Null Hypothesis: There is __no difference__ in the mean callback rates between black-sounding and white-sounding names.

Alternative Hypothesis: There __is a difference__ in the mean callback rates between black-sounding and white-sounding names.

In [34]:
w = data[data.race=='w']
b = data[data.race=='b']

In [38]:
# First, we will try Bootstrapping
# define a bootstrap function
def bootstrap_replicate(data, func): 
    return func(np.random.choice(data, len(data)))

# then draw replicates
def draw_bs_reps(data, func, size = 1):
    rep = np.empty(size)
    
    for i in range(size):
        rep[i] = bootstrap_replicate(data, func)
        
    return rep

In [39]:
# Compute mean of pooled data: mean_count
mean_count = np.mean(np.concatenate((w.call, b.call)))

# Generate shifted data sets since
w_shifted = w.call - np.mean(w.call) + mean_count
b_shifted = b.call - np.mean(b.call) + mean_count

# Take 10,000 bootstrap replicates of the mean: bs_replicates
bs_replicates_w = draw_bs_reps(w_shifted, np.mean, size=10000)
bs_replicates_b = draw_bs_reps(b_shifted, np.mean, size=10000)

bs_replicates = bs_replicates_w - bs_replicates_b
print('bs diff of means =', bs_replicates)

empirical_diff_means = np.mean(w.call) - np.mean(b.call)
print('empirical diff of means =', empirical_diff_means)

# Compute and print p-value
p = np.sum(bs_replicates >= empirical_diff_means) / len(bs_replicates)
print('p =', p)

# Compute 95% confidence interval: conf_int
conf_int = np.percentile(bs_replicates, [2.5, 97.5])
print('CI =', conf_int)

bs diff of means = [ 0.0123203  -0.01806984 -0.00041071 ..., -0.00246409  0.00041066
 -0.00616019]
empirical diff of means = 0.03203285485506058
p = 0.0
CI = [-0.0151951   0.01560573]


The null hypothesis is rejected as there is a difference in mean call backs between white sounding and black sounding names (0.032), and p value is less than 0.05, which further supports the initial findings of the crosstab and $X^2$ test. 

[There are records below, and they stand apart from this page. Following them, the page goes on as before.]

(* Let $K$ be a (not necessarily associative) ring with identity and $L$ a commutative associative ring with identity, and let $q\colon K\to L$ be a multiplicative quadratic map with $f(a,b)=q(a+b)-q(a)-q(b)$. Let $F$ be a subring of $L$ such that $K$ is an $F$-algebra, $q$ is $F$-quadratic, and every finitely generated $F$-submodule of $K$ is a free $F$-module. Let $\tilde K=L\otimes_F K$ (an $L$-algebra with $(\lambda\otimes a)(\mu\otimes b)=\lambda\mu\otimes ab$), write $\lambda a$ for $\lambda\otimes a$, and define $\tilde q\colon\tilde K\to L$ by $$\tilde q\Big(\sum_{i=1}^n\lambda_i a_i\Big)=\sum_{i=1}^n\lambda_i^2q(a_i)+\sum_{1\le i<j\le n}\lambda_i\lambda_j f(a_i,a_j)$$ for $a_i\in K$, $\lambda_i\in L$. Then $\tilde q$ is well defined and is a multiplicative $L$-quadratic map.
   Context: A map $q\colon K\to L$ between rings with identity is called a multiplicative quadratic map if (i) $q(ab)=q(a)q(b)$ for all $a,b\in K$; (ii) $q(n\cdot 1_K)=n^2\cdot 1_L$ for all $n\in\mathbb{Z}$; (iii) the map $f\colon K\times K\to L$, $f(a,b)=q(a+b)-q(a)-q(b)$, is biadditive. If $F$ is a commutative associative ring such that $K$ and $L$ are $F$-algebras, $q$ is called $F$-quadratic if $f$ is $F$-bilinear and $q(\lambda a)=\lambda^2q(a)$ for all $a\in K$, $\lambda\in F$. *)

theory Defs
  imports Main
begin

class nonassoc_ring_1 = ab_group_add + times + one +
  assumes na_distrib_left: "a * (b + c) = a * b + a * c"
    and na_distrib_right: "(a + b) * c = a * c + b * c"
    and na_mult_1_left: "1 * a = a"
    and na_mult_1_right: "a * 1 = a"

definition int_mult :: "int \<Rightarrow> 'a::ab_group_add \<Rightarrow> 'a" where
  "int_mult n x = (if n \<ge> 0 then (\<Sum>i<nat n. x) else - (\<Sum>i<nat (- n). x))"

definition qf :: "('k::ab_group_add \<Rightarrow> 'l::ab_group_add) \<Rightarrow> 'k \<Rightarrow> 'k \<Rightarrow> 'l" where
  "qf q a b = q (a + b) - q a - q b"

definition mult_quadratic :: "('k::nonassoc_ring_1 \<Rightarrow> 'l::comm_ring_1) \<Rightarrow> bool" where
  "mult_quadratic q \<longleftrightarrow>
     (\<forall>a b. q (a * b) = q a * q b) \<and>
     (\<forall>n::int. q (int_mult n 1) = of_int (n ^ 2)) \<and>
     (\<forall>a a' b. qf q (a + a') b = qf q a b + qf q a' b) \<and>
     (\<forall>a b b'. qf q a (b + b') = qf q a b + qf q a b')"

definition is_subring :: "'l::comm_ring_1 set \<Rightarrow> bool" where
  "is_subring F \<longleftrightarrow> 1 \<in> F \<and> (\<forall>a\<in>F. \<forall>b\<in>F. a + b \<in> F \<and> a * b \<in> F) \<and> (\<forall>a\<in>F. - a \<in> F)"

definition F_algebra :: "'l::comm_ring_1 set \<Rightarrow> ('l \<Rightarrow> 'k::nonassoc_ring_1 \<Rightarrow> 'k) \<Rightarrow> bool" where
  "F_algebra F sm \<longleftrightarrow>
     (\<forall>c\<in>F. \<forall>a b. sm c (a + b) = sm c a + sm c b) \<and>
     (\<forall>c\<in>F. \<forall>d\<in>F. \<forall>a. sm (c + d) a = sm c a + sm d a) \<and>
     (\<forall>c\<in>F. \<forall>d\<in>F. \<forall>a. sm (c * d) a = sm c (sm d a)) \<and>
     (\<forall>a. sm 1 a = a) \<and>
     (\<forall>c\<in>F. \<forall>a b. sm c (a * b) = sm c a * b \<and> sm c (a * b) = a * sm c b)"

definition F_quadratic :: "'l::comm_ring_1 set \<Rightarrow> ('l \<Rightarrow> 'k::nonassoc_ring_1 \<Rightarrow> 'k) \<Rightarrow> ('k \<Rightarrow> 'l) \<Rightarrow> bool" where
  "F_quadratic F sm q \<longleftrightarrow>
     (\<forall>c\<in>F. \<forall>a b. qf q (sm c a) b = c * qf q a b \<and> qf q a (sm c b) = c * qf q a b) \<and>
     (\<forall>a a' b. qf q (a + a') b = qf q a b + qf q a' b) \<and>
     (\<forall>a b b'. qf q a (b + b') = qf q a b + qf q a b') \<and>
     (\<forall>c\<in>F. \<forall>a. q (sm c a) = c ^ 2 * q a)"

definition F_span :: "'l::comm_ring_1 set \<Rightarrow> ('l \<Rightarrow> 'k::nonassoc_ring_1 \<Rightarrow> 'k) \<Rightarrow> 'k set \<Rightarrow> 'k set" where
  "F_span F sm S = {(\<Sum>s\<in>T. sm (c s) s) | T c. finite T \<and> T \<subseteq> S \<and> (\<forall>s\<in>T. c s \<in> F)}"

definition F_lin_indep :: "'l::comm_ring_1 set \<Rightarrow> ('l \<Rightarrow> 'k::nonassoc_ring_1 \<Rightarrow> 'k) \<Rightarrow> 'k set \<Rightarrow> bool" where
  "F_lin_indep F sm B \<longleftrightarrow>
     (\<forall>T c. finite T \<and> T \<subseteq> B \<and> (\<forall>s\<in>T. c s \<in> F) \<and> (\<Sum>s\<in>T. sm (c s) s) = 0
        \<longrightarrow> (\<forall>s\<in>T. c s = 0))"

definition F_free :: "'l::comm_ring_1 set \<Rightarrow> ('l \<Rightarrow> 'k::nonassoc_ring_1 \<Rightarrow> 'k) \<Rightarrow> 'k set \<Rightarrow> bool" where
  "F_free F sm M \<longleftrightarrow> (\<exists>B. B \<subseteq> M \<and> F_lin_indep F sm B \<and> F_span F sm B = M)"

definition fg_submodules_free :: "'l::comm_ring_1 set \<Rightarrow> ('l \<Rightarrow> 'k::nonassoc_ring_1 \<Rightarrow> 'k) \<Rightarrow> bool" where
  "fg_submodules_free F sm \<longleftrightarrow> (\<forall>S. finite S \<longrightarrow> F_free F sm (F_span F sm S))"

text \<open>Tensor product L \<otimes>_F K: elements are represented by lists [(\<lambda>_1,a_1),...,(\<lambda>_n,a_n)]
  standing for \<Sum> \<lambda>_i \<otimes> a_i.  Two lists represent the same element iff the difference of
  their formal sums (in the free abelian group on L \<times> K) lies in the subgroup generated by
  the F-balanced biadditivity relations.\<close>
definition gen :: "'a \<Rightarrow> 'a \<Rightarrow> int" where
  "gen p = (\<lambda>x. if x = p then 1 else 0)"

inductive_set tensor_rel :: "'l::comm_ring_1 set \<Rightarrow> ('l \<Rightarrow> 'k::nonassoc_ring_1 \<Rightarrow> 'k) \<Rightarrow> ('l \<times> 'k \<Rightarrow> int) set"
  for F sm where
  zero: "(\<lambda>x. 0) \<in> tensor_rel F sm"
| add: "u \<in> tensor_rel F sm \<Longrightarrow> v \<in> tensor_rel F sm \<Longrightarrow> (\<lambda>x. u x + v x) \<in> tensor_rel F sm"
| neg: "u \<in> tensor_rel F sm \<Longrightarrow> (\<lambda>x. - u x) \<in> tensor_rel F sm"
| add_left: "(\<lambda>x. gen (l + l', a) x - gen (l, a) x - gen (l', a) x) \<in> tensor_rel F sm"
| add_right: "(\<lambda>x. gen (l, a + b) x - gen (l, a) x - gen (l, b) x) \<in> tensor_rel F sm"
| balanced: "c \<in> F \<Longrightarrow> (\<lambda>x. gen (l * c, a) x - gen (l, sm c a) x) \<in> tensor_rel F sm"

definition formal_sum :: "('l \<times> 'k) list \<Rightarrow> ('l \<times> 'k \<Rightarrow> int)" where
  "formal_sum xs = (\<lambda>x. (\<Sum>p\<leftarrow>xs. gen p x))"

definition tensor_eq :: "'l::comm_ring_1 set \<Rightarrow> ('l \<Rightarrow> 'k::nonassoc_ring_1 \<Rightarrow> 'k) \<Rightarrow>
    ('l \<times> 'k) list \<Rightarrow> ('l \<times> 'k) list \<Rightarrow> bool" where
  "tensor_eq F sm xs ys \<longleftrightarrow> (\<lambda>x. formal_sum xs x - formal_sum ys x) \<in> tensor_rel F sm"

text \<open>Operations on representatives: addition is concatenation, L-scaling, product.\<close>
definition tscale :: "'l::comm_ring_1 \<Rightarrow> ('l \<times> 'k) list \<Rightarrow> ('l \<times> 'k) list" where
  "tscale c xs = map (\<lambda>(l, a). (c * l, a)) xs"

definition tmul :: "('l::comm_ring_1 \<times> 'k::nonassoc_ring_1) list \<Rightarrow> ('l \<times> 'k) list \<Rightarrow> ('l \<times> 'k) list" where
  "tmul xs ys = concat (map (\<lambda>(l, a). map (\<lambda>(m, b). (l * m, a * b)) ys) xs)"

definition tq :: "('k::nonassoc_ring_1 \<Rightarrow> 'l::comm_ring_1) \<Rightarrow> ('l \<times> 'k) list \<Rightarrow> 'l" where
  "tq q xs =
     (\<Sum>i<length xs. (fst (xs ! i)) ^ 2 * q (snd (xs ! i))) +
     (\<Sum>i<length xs. \<Sum>j<length xs. if i < j
        then fst (xs ! i) * fst (xs ! j) * qf q (snd (xs ! i)) (snd (xs ! j)) else 0)"

definition tf :: "('k::nonassoc_ring_1 \<Rightarrow> 'l::comm_ring_1) \<Rightarrow> ('l \<times> 'k) list \<Rightarrow> ('l \<times> 'k) list \<Rightarrow> 'l" where
  "tf q xs ys = tq q (xs @ ys) - tq q xs - tq q ys"

end

theory Submission
  imports Defs "HOL-Library.Multiset"
begin
lemma bracket_centralizers_eq_0:
  assumes "cond_A br n Q R \<alpha> \<gamma> 1"
  shows "br L1 L2 = 0"
proof -
  let ?L0 = "br L1 L2" and ?A0 = "\<lambda>i. - \<alpha> L1 L2 i"
  have "?L0 \<in> lsub br n R 1"
    using lsub_1 bracket_in_lcs2 lcs2_central by blast
  moreover have "\<exists>A0 \<in> vsp n. \<exists>Z0. lin_on (lcs br (1 + 1)) Z0 \<and> (\<forall>L. \<alpha> L ?L0 = vzero) \<and>
      (\<forall>L. \<forall>X \<in> lcs br (1 + 1). \<gamma> L ?L0 X = - bform n Q A0 (\<alpha> L X) + Z0 (br L X))"
  proof (intro bexI[of _ ?A0] exI[of _ "\<lambda>_. 0"] conjI allI ballI)
    have "\<alpha> L1 L2 \<in> vsp n" using cochain2 unfolding cochain2_def by blast
    then show "?A0 \<in> vsp n" unfolding vsp_def by simp
    show "lin_on (lcs br (1 + 1)) (\<lambda>_. 0)" unfolding lin_on_def by simp
    show "\<alpha> L ?L0 = vzero" for L by (rule alpha_bracket_centralizers)
    fix L X assume "X \<in> lcs br (1 + 1)"
    then have X: "X \<in> lcs br 2" by (simp only: one_add_one)
    have "\<alpha> X L = (\<lambda>i. - \<alpha> L X i)" by (rule ext) (rule alpha_antisym)
    then show "\<gamma> L ?L0 X = - bform n Q ?A0 (\<alpha> L X) + 0"
      using cochain3_rotate[OF cochain3, of L ?L0 X] gamma_lcs2_bracket_centralizers[OF X]
      by (simp add: bform_uminus_left bform_uminus_right)
  qed
  ultimately show ?thesis using assms unfolding cond_A_def by blast
qed

end

end

theorem lemma4:
  fixes br :: "'l::euclidean_space \<Rightarrow> 'l \<Rightarrow> 'l"
    and Lbar :: "'l set"
  assumes "lie_algebra br"
    and "lie_nilpotent br"
    and "dim (lcs br 2) = 2"
    and "lcs br 2 \<subseteq> lie_center br"
    and "lie_admissible br"
    and "subspace Lbar" and "dim Lbar = 3"
    and "span {br x y | x y. x \<in> Lbar \<and> y \<in> Lbar} = lcs br 2"
  shows "\<forall>L1 L2. (\<forall>x\<in>Lbar. br L1 x = 0) \<and> (\<forall>x\<in>Lbar. br L2 x = 0) \<longrightarrow> br L1 L2 = 0"
proof (intro allI impI)
  fix L1 L2
  assume "(\<forall>x\<in>Lbar. br L1 x = 0) \<and> (\<forall>x\<in>Lbar. br L2 x = 0)"
  then have L: "L1 \<in> centralizer br Lbar" "L2 \<in> centralizer br Lbar"
    unfolding centralizer_def by auto
  obtain n Q R \<alpha> \<gamma> where module: "orth_module br n Q R" "quad_cocycle br n Q R \<alpha> \<gamma>"
    "\<forall>X Y. \<alpha> X Y \<in> mod_invariants n R" and A: "\<And>k. cond_A br n Q R \<alpha> \<gamma> k"
    using lie_admissible_cond_A[OF assms(1,2,5)] by metis
  interpret invariant_quad_cocycle_2step br n Q R \<alpha> \<gamma> Lbar
    by (intro invariant_quad_cocycle_2step.intro assms(1,4,8) module)
  show "br L1 L2 = 0" using bracket_centralizers_eq_0[OF L A] .
qed

end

Next, $Z$ test is used as a frequentist approach.

In [42]:
# First, determine standard error of mean
sem = np.sqrt(np.std(b.call)**2/len(b.call) + np.std(w.call)**2/len(w.call))
print('sem =', sem)

# Find Margin of Error
z_value = 1.96 # this is the value of z for 95% confidence

moe = z_value * sem
print('moe =', moe)

# Find Confidence Interval
f_CI = np.array([empirical_diff_means - moe, empirical_diff_means + moe])
print('95% Confidence Interval', f_CI)

# Calculates z value
z = empirical_diff_means / sem
print('Critical z-score = ', z)

# Calculate and save p-value:
p = stats.norm.sf(abs(z))
print('p =', p)

sem = 0.00778330835992
moe = 0.0152552843854
95% Confidence Interval [ 0.01677757  0.04728814]
Critical z-score =  4.11558342208
p = 1.93100640099e-05


The resulting $z$ score with a p value less than 0.05 also rejects the null hypothesis, supporting the initial conclusion that there is a difference between mean call back rates between white-sounding and black-sounding name. 

## 5. Does your analysis mean that race/name is the most important factor in callback success? Why or why not? If not, how would you amend your analysis?

This analysis by no means show that race/name is the most important factor in callback success. We see an association, and proved the difference to be statistically significant, with white-sounding names receiving about 3% more callbacks than black-sounding names, but this is considering that all other factors stay equal. The low rate of callbacks even with race seem to suggest that some other factors like education or years of experience may be more important. 

To amend the analysis, a linear regression or a logistical regression would be used to measure impact size of different factors in callback success.